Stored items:
------------------------------------------------------------------------

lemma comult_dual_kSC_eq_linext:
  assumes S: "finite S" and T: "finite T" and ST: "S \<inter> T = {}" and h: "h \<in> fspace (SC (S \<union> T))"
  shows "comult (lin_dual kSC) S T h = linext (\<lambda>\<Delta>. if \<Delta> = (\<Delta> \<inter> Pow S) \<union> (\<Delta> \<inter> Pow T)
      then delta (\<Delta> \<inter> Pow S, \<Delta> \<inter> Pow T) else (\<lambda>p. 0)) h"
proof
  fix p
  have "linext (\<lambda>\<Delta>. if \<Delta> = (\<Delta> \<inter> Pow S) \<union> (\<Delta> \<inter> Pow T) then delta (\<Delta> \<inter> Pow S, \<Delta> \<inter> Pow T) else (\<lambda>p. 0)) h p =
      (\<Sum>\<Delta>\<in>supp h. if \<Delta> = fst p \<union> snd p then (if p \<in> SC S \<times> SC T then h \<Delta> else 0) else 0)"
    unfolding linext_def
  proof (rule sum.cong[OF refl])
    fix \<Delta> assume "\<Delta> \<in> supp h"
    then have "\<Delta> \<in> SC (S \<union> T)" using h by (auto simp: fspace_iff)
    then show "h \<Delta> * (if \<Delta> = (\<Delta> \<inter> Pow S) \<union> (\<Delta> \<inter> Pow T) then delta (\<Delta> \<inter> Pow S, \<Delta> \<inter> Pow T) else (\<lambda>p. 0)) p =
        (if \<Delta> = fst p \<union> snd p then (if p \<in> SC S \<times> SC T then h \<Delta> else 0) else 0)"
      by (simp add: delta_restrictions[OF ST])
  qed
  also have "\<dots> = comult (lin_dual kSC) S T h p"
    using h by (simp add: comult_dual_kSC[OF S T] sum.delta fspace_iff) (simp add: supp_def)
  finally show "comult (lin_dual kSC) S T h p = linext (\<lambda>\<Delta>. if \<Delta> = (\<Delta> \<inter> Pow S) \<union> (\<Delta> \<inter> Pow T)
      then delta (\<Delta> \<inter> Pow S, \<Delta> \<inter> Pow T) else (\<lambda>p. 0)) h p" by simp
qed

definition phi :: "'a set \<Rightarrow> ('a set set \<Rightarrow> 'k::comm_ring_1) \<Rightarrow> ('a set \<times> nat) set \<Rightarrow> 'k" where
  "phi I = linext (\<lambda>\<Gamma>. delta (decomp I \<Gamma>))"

------------------------------------------------------------------------

ASSIGNMENT>
All lines from the one containing "proof (rule sum.cong[OF refl])" to the end of the records, both ends included, should be printed exactly and on their own.

RESPONSE TO THE EXERCISE>
  proof (rule sum.cong[OF refl])
    fix \<Delta> assume "\<Delta> \<in> supp h"
    then have "\<Delta> \<in> SC (S \<union> T)" using h by (auto simp: fspace_iff)
    then show "h \<Delta> * (if \<Delta> = (\<Delta> \<inter> Pow S) \<union> (\<Delta> \<inter> Pow T) then delta (\<Delta> \<inter> Pow S, \<Delta> \<inter> Pow T) else (\<lambda>p. 0)) p =
        (if \<Delta> = fst p \<union> snd p then (if p \<in> SC S \<times> SC T then h \<Delta> else 0) else 0)"
      by (simp add: delta_restrictions[OF ST])
  qed
  also have "\<dots> = comult (lin_dual kSC) S T h p"
    using h by (simp add: comult_dual_kSC[OF S T] sum.delta fspace_iff) (simp add: supp_def)
  finally show "comult (lin_dual kSC) S T h p = linext (\<lambda>\<Delta>. if \<Delta> = (\<Delta> \<inter> Pow S) \<union> (\<Delta> \<inter> Pow T)
      then delta (\<Delta> \<inter> Pow S, \<Delta> \<inter> Pow T) else (\<lambda>p. 0)) h p" by simp
qed

definition phi :: "'a set \<Rightarrow> ('a set set \<Rightarrow> 'k::comm_ring_1) \<Rightarrow> ('a set \<times> nat) set \<Rightarrow> 'k" where
  "phi I = linext (\<lambda>\<Gamma>. delta (decomp I \<Gamma>))"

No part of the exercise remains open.